Festival Internazionale del Film di Roma, 9-17 novembre 2012, Roma
Innamorarsi un giorno a Roma
Per un certo immaginario, soprattutto straniero, la città Eterna è anche una meta romantica ideale, per le sue atmosfere e i suoi colori, a coronare, o a far ripartire, una storia d’amore. Proprio l’amore, con i suoi effetti entusiasmanti e soprattutto con quelli deleteri sull’individuo, è un tema ricorrente in molti film selezionati per il concorso della 7° edizione del “Festival Internazionale del cinema di Roma”.
In queste opere il sentimento più raccontato nella storia del cinema e della letteratura viene inteso in molte sue varianti e partendo da ottiche diverse: amori spensierati a suon di musica, amori malati e ossessivi, anticamera della follia, così come quelli filtrati dall’immaginazione e dal cinema.

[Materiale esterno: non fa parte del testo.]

(* Let $H$ be a complex Hilbert space, $\varphi,\psi:[0,1]\to\mathbb{R}$ continuous, and $A\in\mathbb{B}(H)$. Then $$\Big(\int_0^1\min\{|\varphi(t)+\psi(t)|,|\varphi(t)-\psi(t)|\}\,dt\Big)\omega(A)\le\int_0^1\omega_t(\varphi,\psi;A)\,dt\le\Big(\int_0^1\max\{|\varphi(t)+\psi(t)|,|\varphi(t)-\psi(t)|\}\,dt\Big)\omega(A).$$
   Context: $S_1(H)$ is the unit sphere of $H$, $\omega(T)=\sup_{x\in S_1(H)}|\langle Tx,x\rangle|$, and $\omega_t(\varphi,\psi;A)=\sup_{x\in S_1(H)}|\langle(\varphi(t)A+\psi(t)A^* )x,x\rangle|$. *)

theory Defs
  imports "HOL-Analysis.Analysis"
begin

text \<open>The inner product is linear in the first argument and conjugate-linear in the second;
  the norm is induced by the inner product.\<close>

class complex_inner = real_normed_vector +
  fixes scaleC :: "complex \<Rightarrow> 'a \<Rightarrow> 'a"
    and cinner :: "'a \<Rightarrow> 'a \<Rightarrow> complex"
  assumes scaleC_add_right: "scaleC c (x + y) = scaleC c x + scaleC c y"
    and scaleC_add_left: "scaleC (c + d) x = scaleC c x + scaleC d x"
    and scaleC_scaleC: "scaleC c (scaleC d x) = scaleC (c * d) x"
    and scaleC_one: "scaleC 1 x = x"
    and scaleR_scaleC: "scaleR r x = scaleC (complex_of_real r) x"
    and cinner_conj_sym: "cinner x y = cnj (cinner y x)"
    and cinner_add_left: "cinner (x + y) z = cinner x z + cinner y z"
    and cinner_scaleC_left: "cinner (scaleC c x) y = c * cinner x y"
    and cinner_self_real: "Im (cinner x x) = 0"
    and cinner_self_nonneg: "0 \<le> Re (cinner x x)"
    and cinner_self_eq_zero: "cinner x x = 0 \<longleftrightarrow> x = 0"
    and norm_eq_sqrt_cinner: "norm x = sqrt (Re (cinner x x))"

class chilbert_space = complex_inner + complete_space

definition bounded_clinear :: "('a::complex_inner \<Rightarrow> 'a) \<Rightarrow> bool" where
  "bounded_clinear T \<longleftrightarrow>
     (\<forall>x y. T (x + y) = T x + T y) \<and>
     (\<forall>c x. T (scaleC c x) = scaleC c (T x)) \<and>
     (\<exists>K. \<forall>x. norm (T x) \<le> norm x * K)"

definition adjoint :: "('a::complex_inner \<Rightarrow> 'a) \<Rightarrow> 'a \<Rightarrow> 'a" where
  "adjoint T = (SOME S. \<forall>x y. cinner (T x) y = cinner x (S y))"

text \<open>Numerical radius \<open>\<omega>(T) = sup_{x \<in> S_1(H)} |\<langle>T x, x\<rangle>|\<close>
  (the \<open>0\<close> only fixes the value for the trivial space \<open>H = {0}\<close>; the values are nonnegative).\<close>
definition num_radius :: "('a::complex_inner \<Rightarrow> 'a) \<Rightarrow> real" where
  "num_radius T = Sup (insert 0 ((\<lambda>x. cmod (cinner (T x) x)) ` {x. norm x = 1}))"

definition omega_t :: "(real \<Rightarrow> real) \<Rightarrow> (real \<Rightarrow> real) \<Rightarrow> ('a::complex_inner \<Rightarrow> 'a) \<Rightarrow> real \<Rightarrow> real" where
  "omega_t \<phi> \<psi> A t = num_radius
     (\<lambda>x. scaleC (complex_of_real (\<phi> t)) (A x) + scaleC (complex_of_real (\<psi> t)) (adjoint A x))"

end

theory Submission
  imports Defs
begin

text \<open>For a unit vector \<open>x\<close> put \<open>z = \<langle>A x, x\<rangle>\<close>. Then
  \<open>\<langle>(a A + b A\<^sup>*) x, x\<rangle> = a z + b z\<^sup>* = (a + b) Re z + i (a - b) Im z\<close>, whose modulus lies between
  \<open>min |a \<plusminus> b| |z|\<close> and \<open>max |a \<plusminus> b| |z|\<close>. Taking suprema over unit vectors bounds
  \<open>\<omega>(a A + b A\<^sup>*)\<close> between \<open>min |a \<plusminus> b| \<omega>(A)\<close> and \<open>max |a \<plusminus> b| \<omega>(A)\<close>; with \<open>a = \<phi> t\<close>,
  \<open>b = \<psi> t\<close> the claim follows by integrating, the integrand being continuous because
  \<open>\<omega>(a A + b A\<^sup>*)\<close> is Lipschitz in \<open>(a, b)\<close>.

  The adjoint is only specified by its defining property, so its existence is needed: it comes
  from the Riesz representation theorem, proved via nearest points in closed convex sets.\<close>

lemma cinner_add_right: "cinner x (y + z) = cinner x y + cinner (x::'a::complex_inner) z"
  by (metis cinner_add_left cinner_conj_sym complex_cnj_add)

lemma cinner_scaleC_right: "cinner x (scaleC c y) = cnj c * cinner (x::'a::complex_inner) y"
  by (metis cinner_conj_sym cinner_scaleC_left complex_cnj_mult)

lemma scaleC_minus1_left: "scaleC (-1) (x::'a::complex_inner) = - x"
  by (metis of_real_1 of_real_minus scaleR_minus1_left scaleR_scaleC)

lemma cinner_minus_left: "cinner (- x) y = - cinner (x::'a::complex_inner) y"
  using cinner_scaleC_left[of "-1" x y] by (simp add: scaleC_minus1_left)

lemma cinner_minus_right: "cinner x (- y) = - cinner x (y::'a::complex_inner)"
  by (metis cinner_conj_sym cinner_minus_left complex_cnj_minus)

lemma cinner_diff_left: "cinner (x - y) z = cinner x z - cinner (y::'a::complex_inner) z"
  using cinner_add_left[of x "-y" z] by (simp add: cinner_minus_left)

lemma cinner_diff_right: "cinner x (y - z) = cinner x y - cinner x (z::'a::complex_inner)"
  using cinner_add_right[of x y "-z"] by (simp add: cinner_minus_right)

lemma cinner_zero_left [simp]: "cinner 0 (x::'a::complex_inner) = 0"
  using cinner_diff_left[of 0 0 x] by simp

lemma cinner_zero_right [simp]: "cinner (x::'a::complex_inner) 0 = 0"
  using cinner_diff_right[of x 0 0] by simp

lemma cinner_self_eq_norm_power2: "cinner x x = complex_of_real ((norm (x::'a::complex_inner))\<^sup>2)"
  using norm_eq_sqrt_cinner[of x] cinner_self_nonneg[of x] cinner_self_real[of x]
  by (simp add: complex_eq_iff)

lemma parallelogram_law:
  fixes x y :: "'a::complex_inner"
  shows "(norm (x + y))\<^sup>2 + (norm (x - y))\<^sup>2 = 2 * (norm x)\<^sup>2 + 2 * (norm y)\<^sup>2"
proof -
  have "cinner (x + y) (x + y) + cinner (x - y) (x - y) = 2 * cinner x x + 2 * cinner y y"
    by (simp add: cinner_add_left cinner_add_right cinner_diff_left cinner_diff_right algebra_simps)
  then have "complex_of_real ((norm (x + y))\<^sup>2 + (norm (x - y))\<^sup>2)
      = complex_of_real (2 * (norm x)\<^sup>2 + 2 * (norm y)\<^sup>2)"
    by (simp add: cinner_self_eq_norm_power2 del: of_real_power)
  then show ?thesis
    by (simp only: of_real_eq_iff)
qed

lemma norm_diff_midpoint_power2:
  fixes x u v :: "'a::complex_inner"
  shows "(norm (u - v))\<^sup>2
    = 2 * (norm (x - u))\<^sup>2 + 2 * (norm (x - v))\<^sup>2 - 4 * (norm (x - ((1/2) *\<^sub>R u + (1/2) *\<^sub>R v)))\<^sup>2"
proof -
  have "(x - u) + (x - v) = 2 *\<^sub>R (x - ((1/2) *\<^sub>R u + (1/2) *\<^sub>R v))"
    by (simp add: algebra_simps scaleR_2)
  then show ?thesis
    using parallelogram_law[of "x - u" "x - v"] by (simp add: power_mult_distrib norm_minus_commute)
qed

lemma norm_diff_projection_power2:
  fixes x y :: "'a::complex_inner"
  assumes "y \<noteq> 0"
  shows "(norm (x - scaleC (cinner x y / complex_of_real ((norm y)\<^sup>2)) y))\<^sup>2
         = (norm x)\<^sup>2 - (cmod (cinner x y))\<^sup>2 / (norm y)\<^sup>2"
proof -
  define c where "c = cinner x y / complex_of_real ((norm y)\<^sup>2)"
  have yx: "cinner y x = cnj (cinner x y)"
    by (rule cinner_conj_sym)
  have "cinner (x - scaleC c y) (x - scaleC c y)
      = cinner x x - cnj c * cinner x y - c * cnj (cinner x y) + c * cnj c * cinner y y"
    by (simp add: cinner_diff_left cinner_diff_right cinner_scaleC_left cinner_scaleC_right
        yx algebra_simps)
  also have "\<dots> = complex_of_real ((norm x)\<^sup>2 - (cmod (cinner x y))\<^sup>2 / (norm y)\<^sup>2)"
    using assms
    by (simp add: c_def cinner_self_eq_norm_power2 complex_norm_square field_simps
        del: complex_mult_cnj of_real_power)
  finally show ?thesis
    unfolding c_def cinner_self_eq_norm_power2 of_real_eq_iff .
qed

lemma cauchy_schwarz: "cmod (cinner x y) \<le> norm x * norm (y::'a::complex_inner)"
proof (cases "y = 0")
  case False
  then have "0 \<le> (norm x)\<^sup>2 - (cmod (cinner x y))\<^sup>2 / (norm y)\<^sup>2"
    by (metis norm_diff_projection_power2 zero_le_power2)
  then have "(cmod (cinner x y))\<^sup>2 \<le> (norm x * norm y)\<^sup>2"
    using False by (simp add: field_simps power_mult_distrib)
  then show ?thesis
    by (meson norm_ge_zero power2_le_imp_le zero_le_mult_iff)
qed simp

lemma cinner_eq_zero_if_norm_minimal:
  fixes z y :: "'a::complex_inner"
  assumes "\<And>c. norm z \<le> norm (z - scaleC c y)"
  shows "cinner z y = 0"
proof (cases "y = 0")
  case False
  define c where "c = cinner z y / complex_of_real ((norm y)\<^sup>2)"
  have "(norm z)\<^sup>2 \<le> (norm (z - scaleC c y))\<^sup>2"
    using assms[of c] by (simp add: power_mono)
  also have "\<dots> = (norm z)\<^sup>2 - (cmod (cinner z y))\<^sup>2 / (norm y)\<^sup>2"
    unfolding c_def by (rule norm_diff_projection_power2[OF False])
  finally have "(cmod (cinner z y))\<^sup>2 \<le> 0"
    using False by (simp add: divide_le_0_iff)
  then show ?thesis
    by simp
qed simp

lemma infdist_minimizing_sequence:
  fixes x :: "'a::metric_space"
  assumes "N \<noteq> {}"
  obtains s where "\<And>k. s k \<in> N" and "(\<lambda>k. dist x (s k)) \<longlonglongrightarrow> infdist x N"
proof -
  have "\<exists>y\<in>N. dist x y < infdist x N + inverse (real (Suc k))" for k
  proof -
    have "(INF y\<in>N. dist x y) < infdist x N + inverse (real (Suc k))"
      using assms by (simp add: infdist_notempty)
    then show ?thesis
      using cINF_less_iff[OF assms bdd_below_image_dist] by blast
  qed
  then obtain s where sN: "\<And>k. s k \<in> N"
    and s_close: "\<And>k. dist x (s k) < infdist x N + inverse (real (Suc k))"
    by metis
  have lower: "\<forall>\<^sub>F k in sequentially. infdist x N \<le> dist x (s k)"
    using sN by (simp add: infdist_le)
  have upper: "\<forall>\<^sub>F k in sequentially. dist x (s k) \<le> infdist x N + inverse (real (Suc k))"
    using s_close by (simp add: less_imp_le)
  have "(\<lambda>k. infdist x N + inverse (real (Suc k))) \<longlonglongrightarrow> infdist x N"
    using tendsto_add[OF tendsto_const LIMSEQ_inverse_real_of_nat] by simp
  then have "(\<lambda>k. dist x (s k)) \<longlonglongrightarrow> infdist x N"
    by (rule tendsto_sandwich[OF lower upper tendsto_const])
  with sN show ?thesis
    by (rule that)
qed

lemma Cauchy_if_norm_diff_power2_le:
  fixes s :: "nat \<Rightarrow> 'a::real_normed_vector"
  assumes bound: "\<And>m n. (norm (s m - s n))\<^sup>2 \<le> e m + e n" and "e \<longlonglongrightarrow> 0"
  shows "Cauchy s"
proof (rule CauchyI)
  fix \<epsilon> :: real
  assume "0 < \<epsilon>"
  then have "\<forall>\<^sub>F k in sequentially. e k < \<epsilon>\<^sup>2 / 2"
    using order_tendstoD(2)[OF \<open>e \<longlonglongrightarrow> 0\<close>, of "\<epsilon>\<^sup>2 / 2"] by simp
  then obtain M where M: "\<And>k. k \<ge> M \<Longrightarrow> e k < \<epsilon>\<^sup>2 / 2"
    unfolding eventually_sequentially by blast
  have "norm (s m - s n) < \<epsilon>" if "m \<ge> M" "n \<ge> M" for m n
  proof -
    have "(norm (s m - s n))\<^sup>2 < \<epsilon>\<^sup>2"
      using bound[of m n] M[OF that(1)] M[OF that(2)] by simp
    then show ?thesis
      by (rule power2_less_imp_less) (use \<open>0 < \<epsilon>\<close> in simp)
  qed
  then show "\<exists>M. \<forall>m\<ge>M. \<forall>n\<ge>M. norm (s m - s n) < \<epsilon>"
    by blast
qed

text \<open>The parallelogram law turns a minimizing sequence into a Cauchy sequence, because
  midpoints of its points stay in the convex set.\<close>

lemma nearest_point_exists:
  fixes x :: "'a::chilbert_space"
  assumes "closed N" "convex N" "N \<noteq> {}"
  obtains n where "n \<in> N" "dist x n = infdist x N"
proof -
  define d where "d = infdist x N"
  obtain s where sN: "\<And>k. s k \<in> N" and lim: "(\<lambda>k. dist x (s k)) \<longlonglongrightarrow> d"
    using infdist_minimizing_sequence[OF \<open>N \<noteq> {}\<close>] unfolding d_def by metis
  have "Cauchy s"
  proof (rule Cauchy_if_norm_diff_power2_le)
    show "(norm (s m - s n))\<^sup>2 \<le> 2 * ((dist x (s m))\<^sup>2 - d\<^sup>2) + 2 * ((dist x (s n))\<^sup>2 - d\<^sup>2)" for m n
    proof -
      have "(1/2) *\<^sub>R s m + (1/2) *\<^sub>R s n \<in> N"
        using sN by (intro convexD[OF \<open>convex N\<close>]) auto
      then have "d \<le> norm (x - ((1/2) *\<^sub>R s m + (1/2) *\<^sub>R s n))"
        unfolding d_def dist_norm[symmetric] by (rule infdist_le)
      then have "d\<^sup>2 \<le> (norm (x - ((1/2) *\<^sub>R s m + (1/2) *\<^sub>R s n)))\<^sup>2"
        by (simp add: d_def infdist_nonneg power_mono)
      then show ?thesis
        using norm_diff_midpoint_power2[of "s m" "s n" x] by (simp add: dist_norm)
    qed
    have "(\<lambda>k. 2 * ((dist x (s k))\<^sup>2 - d\<^sup>2)) \<longlonglongrightarrow> 2 * (d\<^sup>2 - d\<^sup>2)"
      by (intro tendsto_intros lim)
    then show "(\<lambda>k. 2 * ((dist x (s k))\<^sup>2 - d\<^sup>2)) \<longlonglongrightarrow> 0"
      by simp
  qed
  then obtain n where "s \<longlonglongrightarrow> n"
    using Cauchy_convergent_iff convergent_def by blast
  then have "n \<in> N"
    using \<open>closed N\<close> sN closed_sequential_limits by blast
  moreover have "dist x n = infdist x N"
    using LIMSEQ_unique[OF tendsto_dist[OF tendsto_const \<open>s \<longlonglongrightarrow> n\<close>] lim] unfolding d_def .
  ultimately show ?thesis
    by (rule that)
qed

Sono stravaganti storie d’amore i due migliori film della selezione: Main dans la main di Valérie Donzelli e A Glimpse Inside the mind of Charles Swan III del figlio d’arte Roman Coppola.
La regista francese, dopo La guerra è dichiarata, si riconferma con la storia lievissima e senza pretese di due persone, diversissime tra loro, che incontrandosi per la prima volta non riescono materialmente più a separarsi, venendo così obbligate a una convivenza forzata. La semplicità della storia è sublimata da una rafforzata consapevolezza stilistica e dal sagace tono fiabesco e surreale, nonché dal sapiente utilizzo delle armi della commedia e del musical: un cinema soave e onirico, capace di coinvolgere ed emozionare. In A Glimpse Inside the mind of Charles Swan III risuonano echi della New Hollywood, dei Coen, delle serie animate come I Griffin, fino ad arrivare alla Pop art e ai fumetti, il tutto in una cornice di grande libertà narrativa e stilistica. Charles Swan, a causa della mai sopita passione per il gentil sesso, è stato appena lasciato dalla sua ragazza, che inesorabilmente riappare nelle fantasie prodotte dalla sua fervida e stravagante immaginazione. Coppola, partendo dall’ossessione tipica di chi viene lasciato, mette in scena la figura di un “fallito” e di uno sconfitto che si affida all’immaginazione per sfuggire alla consapevolezza del suo stato. Il film, sotto la crosta di commedia divertente e visionaria, ha un cuore malinconico e amaro, regalando più di un sottotesto.
Anche i due film meno riusciti del concorso sono storie d’amore: E la chiamano estate di Paolo Franchi e Un enfant de toi di Jacques Doillon. Il film di Franchi, prodotto da Nicoletta Mantovani, racconta la deriva di un uomo che non riesce/vuole consumare con la moglie, e che per questo si lascia andare alla disperazione e alla perdita di autostima. Un film vuoto, supponente e arrogante (atteggiamenti confermati dal regista in conferenza stampa) nel suo voler apparire a tutti costi come film d’arte, farcito di una volgarità effettiva e soprattutto intellettuale, compiaciuto e pruriginoso. Anche nel film di Doillon gli stereotipi del “film d’autore” sono alla base di un’opera pretenziosa e di dubbia utilità, che fa continuamente il verso a Jules e Jim, dimenticandosi che il film di Truffaut riusciva a raggiungere il senso profondo e assoluto del sentimento rappresentato soprattutto grazie al formidabile linguaggio cinematografico, elemento che sembra essere del tutto assente nel film di Doillon, ripetitiva e stancante vicenda di due ex sposi che si inseguono, si sfuggono e si riprendono, per la quale è calzante il vecchio modo di dire “cinema dell’ombelico”.